▶ Task to carry out
What you return must be the lines of the data that hold the word "longleftrightarrow".

Collected data entries:
>>

(* Let $A \in \mathbb{R}^{m \times r}$, $b \in \mathbb{R}^m$, let $P = \{ x \in \mathbb{R}^r \mid Ax \ge b\}$ be a polyhedron and $C^r = \{ x \in \mathbb{R}^r \mid Ax \ge 0\}$ its recession cone. Every vector $x \in P$ is a conformal sum of elementary vectors of $P$; that is, there exist finite sets $E_0 \subseteq C^r$ and $E_1 \subseteq P$ of elementary vectors of $P$ such that \[ x = \sum_{e \in E_0} e + \sum_{e \in E_1} \lambda_e e \quad \text{with } \operatorname{sign}(e) \le \operatorname{sign}(x) \text{ for all } e \in E_0 \cup E_1, \] $\lambda_e \ge 0$, and $\sum_{e \in E_1} \lambda_e = 1$ (hence $|E_1| \ge 1$). The set $E = E_0 \cup E_1$ can be chosen such that $|E| \le \dim(P) + 1$ and $|E| \le |\operatorname{supp}(x)| + |\operatorname{supp}(Ax)| + 1$.
   Context: For $x \in \mathbb{R}^n$, $\operatorname{supp}(x) = \{ i \mid x_i \neq 0\}$, and $\operatorname{sign}(x) \in \{-,0,+\}^n$ is obtained by applying the sign function componentwise. The relations $0 < -$ and $0 < +$ induce a componentwise partial order on $\{-,0,+\}^n$ ($-$ and $+$ incomparable). $\dim(P)$ is the dimension of the affine hull of $P$. A nonzero $x \in C^r$ is conformally non-decomposable (cND) if for all nonzero $x^1,x^2 \in C^r$ with $\operatorname{sign}(x^1),\operatorname{sign}(x^2) \le \operatorname{sign}(x)$, $x = x^1 + x^2$ implies $x^1 = \lambda x^2$ for some $\lambda > 0$. A vector $x \in P$ is convex-conformally non-decomposable (ccND) if for all $x^1,x^2 \in P$ with $\operatorname{sign}(x^1),\operatorname{sign}(x^2) \le \operatorname{sign}(x)$ and all $0<\lambda<1$, $x = \lambda x^1 + (1-\lambda) x^2$ implies $x^1 = x^2$. A vector $e \in C^r \cup P$ is an elementary vector of $P$ if either $e \in C^r$ is cND or $e \in P$ is ccND. *)

theory Defs
  imports "HOL-Analysis.Analysis"
begin

definition polyhedron :: "real^'r^'m \<Rightarrow> real^'m \<Rightarrow> (real^'r) set" where
  "polyhedron A b = {x. \<forall>i. (A *v x) $ i \<ge> b $ i}"

definition rec_cone :: "real^'r^'m \<Rightarrow> (real^'r) set" where
  "rec_cone A = {x. \<forall>i. (A *v x) $ i \<ge> 0}"

definition supp :: "real^'n \<Rightarrow> 'n set" where
  "supp x = {i. x $ i \<noteq> 0}"

text \<open>sign(y) \<le> sign(x) componentwise (0 < -, 0 < +).\<close>
definition sign_le :: "real^'n \<Rightarrow> real^'n \<Rightarrow> bool" where
  "sign_le y x \<longleftrightarrow> (\<forall>i. y $ i = 0 \<or> sgn (y $ i) = sgn (x $ i))"

definition cND :: "real^'r^'m \<Rightarrow> real^'r \<Rightarrow> bool" where
  "cND A x \<longleftrightarrow> x \<in> rec_cone A \<and> x \<noteq> 0 \<and>
     (\<forall>x1 x2. x1 \<in> rec_cone A \<longrightarrow> x2 \<in> rec_cone A \<longrightarrow> x1 \<noteq> 0 \<longrightarrow> x2 \<noteq> 0 \<longrightarrow>
        sign_le x1 x \<longrightarrow> sign_le x2 x \<longrightarrow> x = x1 + x2 \<longrightarrow> (\<exists>c>0. x1 = c *\<^sub>R x2))"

<<

▶ Reply to the exercise
  "sign_le y x \<longleftrightarrow> (\<forall>i. y $ i = 0 \<or> sgn (y $ i) = sgn (x $ i))"
  "cND A x \<longleftrightarrow> x \<in> rec_cone A \<and> x \<noteq> 0 \<and>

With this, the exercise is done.